Windows nodes typically take longer to provision and join a cluster than Linux nodes. Allow extra time in autoscaling configurations and cluster provisioning pipelines.

Monitoring and Logging

Standard Kubernetes monitoring tools (Prometheus, Grafana) work with Windows nodes, but some exporters need Windows-specific builds. The windows-exporter (formerly wmi-exporter) provides Windows-specific metrics. Fluentd and Fluent Bit have Windows builds for log collection.

Common Pitfalls

  1. Forgetting nodeSelector: Without kubernetes.io/os: windows, Windows pods may be scheduled on Linux nodes and fail with cryptic image pull errors (since Windows images cannot run on Linux).
  2. OS version mismatch: Deploying an ltsc2019 image to a Windows Server 2022 node fails. Always tag images with the target OS version and use nodeSelectors to match.
  3. Expecting Linux-equivalent features: Privileged containers, host networking, and security profiles are not available. Plan architecture accordingly.
  4. Underestimating image sizes: A 3 GB image pull over a slow network can cause pod startup timeouts. Configure appropriate imagePullPolicy and consider pre-pulling images via DaemonSets.
  5. Ignoring Windows update cycles: Windows Server nodes need regular patching. Plan maintenance windows and use MachineDeployment rolling updates (via CAPI or managed Kubernetes) to rotate nodes with updated OS versions.
  6. Not testing gMSA in staging: AD integration is complex and brittle.

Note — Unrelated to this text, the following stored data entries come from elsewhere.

(* Let $D_0=\mathbb{D}$ and $D_j=D_{j-1}\setminus\mathcal{Z}_{j-1}$ for $j=1,2,\dots$, where each $\mathcal{Z}_{j-1}$ is a discrete set in $D_{j-1}$. Then every $D_j$ has the $3$-rd Hindmarsh property.
   Context: $\mathbb{D}$ is the open unit disk. A set $\mathcal{Z}\subset D$ is discrete in $D$ if it is at most countable with no accumulation points in $D$. A Schur function is an analytic $S:\mathbb{D}\to\mathbb{C}$ with $|S|\le1$. Pick matrix: $P_k(f;z_1,\dots,z_k)=\left[\frac{1-f(z_i)\overline{f(z_j)}}{1-z_i\overline{z_j}}\right]_{i,j=1}^k$. For an integer $k\ge3$, an open set $D\subseteq\mathbb{D}$ has the $k$-th Hindmarsh property if every function $f:D\to\mathbb{C}$ such that $P_k(f;z_1,\dots,z_k)$ is positive semidefinite for every choice of distinct $z_1,\dots,z_k\in D$ admits an extension to a Schur function on $\mathbb{D}$. Hindmarsh's theorem (may be assumed): $\mathbb{D}$ has the $3$-rd Hindmarsh property; more precisely, if $U\subseteq\mathbb{D}$ is open and $f:U\to\mathbb{C}$ has $P_3(f;z_1,z_2,z_3)\ge0$ for all $z_1,z_2,z_3\in U$, then $f$ is analytic on $U$ with $|f|\le1$. *)

theory Defs
  imports "HOL-Analysis.Analysis"
begin

definition pick_matrix :: "(complex \<Rightarrow> complex) \<Rightarrow> (nat \<Rightarrow> complex) \<Rightarrow> nat \<Rightarrow> nat \<Rightarrow> complex" where
  "pick_matrix f z i j = (1 - f (z i) * cnj (f (z j))) / (1 - z i * cnj (z j))"

definition psd_matrix :: "nat \<Rightarrow> (nat \<Rightarrow> nat \<Rightarrow> complex) \<Rightarrow> bool" where
  "psd_matrix k P \<longleftrightarrow> (\<forall>c :: nat \<Rightarrow> complex.
     (let q = (\<Sum>i<k. \<Sum>j<k. cnj (c i) * P i j * c j) in Im q = 0 \<and> Re q \<ge> 0))"

definition schur_function :: "(complex \<Rightarrow> complex) \<Rightarrow> bool" where
  "schur_function S \<longleftrightarrow> S holomorphic_on ball 0 1 \<and> (\<forall>z\<in>ball 0 1. norm (S z) \<le> 1)"

definition discrete_in :: "complex set \<Rightarrow> complex set \<Rightarrow> bool" where
  "discrete_in Z D \<longleftrightarrow> Z \<subseteq> D \<and> countable Z \<and> (\<forall>x\<in>D. \<not> x islimpt Z)"

definition hindmarsh_property :: "nat \<Rightarrow> complex set \<Rightarrow> bool" where
  "hindmarsh_property k D \<longleftrightarrow> open D \<and> D \<subseteq> ball 0 1 \<and>
     (\<forall>f :: complex \<Rightarrow> complex.
        (\<forall>z :: nat \<Rightarrow> complex. (\<forall>i<k. z i \<in> D) \<and> inj_on z {..<k} \<longrightarrow> psd_matrix k (pick_matrix f z))
        \<longrightarrow> (\<exists>S. schur_function S \<and> (\<forall>w\<in>D. S w = f w)))"

end

(*
  Hindmarsh's theorem: if all 3-point Pick matrices of f are positive semidefinite on an open
  U inside the disc, then f is holomorphic on U with |f| <= 1. The diagonal entries give |f| <= 1,
  and if |f(a)| = 1 the 2x2 minors force f to be constant. Otherwise the Schur complement of
  P_3(f; a, z, w) at the entry of a is a diagonal congruence of the 2-point Pick matrix of the
  Schur transform h = (f - f(a)) / ((1 - conj (f a) f) b_a), b_a the Blaschke factor at a. Hence
  |h| <= 1 and h is Lipschitz on a punctured disc around a, so h has a limit at a, and inverting
  the transform shows that f is complex differentiable at a.

  Each D_j is open, and a bounded holomorphic function on D_(j+1) = D_j - Z_j extends across the
  discrete set Z_j by Riemann's removable singularity theorem. By induction every holomorphic
  function on D_j bounded by 1 is the restriction of a Schur function.
*)

theory Submission
  imports Defs "HOL-Complex_Analysis.Complex_Analysis"
begin

section \<open>Hermitian forms and positive semidefinite matrices\<close>

definition herm_form ::
    "nat \<Rightarrow> (nat \<Rightarrow> nat \<Rightarrow> complex) \<Rightarrow> (nat \<Rightarrow> complex) \<Rightarrow> (nat \<Rightarrow> complex) \<Rightarrow> complex" where
  "herm_form k P u v = (\<Sum>i<k. \<Sum>j<k. cnj (u i) * P i j * v j)"

lemma psd_matrix_herm_form:
  assumes "psd_matrix k P"
  shows "herm_form k P u u = of_real (Re (herm_form k P u u))" and "0 \<le> Re (herm_form k P u u)"
  using assms unfolding psd_matrix_def herm_form_def Let_def by (simp_all add: complex_eq_iff)

lemma herm_form_swap:
  assumes "\<And>i j. P j i = cnj (P i j)"
  shows "herm_form k P v u = cnj (herm_form k P u v)"
proof -
  have "herm_form k P v u = (\<Sum>j<k. \<Sum>i<k. cnj (v i) * P i j * u j)"
    unfolding herm_form_def by (rule sum.swap)
  also have "\<dots> = cnj (herm_form k P u v)"
    unfolding herm_form_def by (simp add: assms[symmetric] mult.commute mult.left_commute)
  finally show ?thesis .
qed

lemma herm_form_linear_left:
  "herm_form k P (\<lambda>i. a * u i + b * v i) w = cnj a * herm_form k P u w + cnj b * herm_form k P v w"
  unfolding herm_form_def by (simp add: algebra_simps sum.distrib sum_distrib_left)

lemma herm_form_linear_right:
  "herm_form k P w (\<lambda>i. a * u i + b * v i) = a * herm_form k P w u + b * herm_form k P w v"
  unfolding herm_form_def by (simp add: algebra_simps sum.distrib sum_distrib_left)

Always validate gMSA configurations in a staging environment before deploying to production.

What's Next?

  • Set up a hybrid cluster using your cloud provider's managed Kubernetes service (AKS, EKS, or GKE) with Windows node pools.
  • Evaluate Calico or Antrea for CNI plugin support on Windows with NetworkPolicy enforcement.
  • Implement gMSA for Windows workloads that require Active Directory authentication.
  • Plan an image optimization strategy using multi-stage builds to minimize Windows container image sizes.
  • Explore HostProcess containers (Windows privileged containers, GA in Kubernetes 1.26) for node-level operations like log collection and monitoring agents on Windows nodes.
  • Review Microsoft's Windows container documentation for the latest base image versions and compatibility matrices.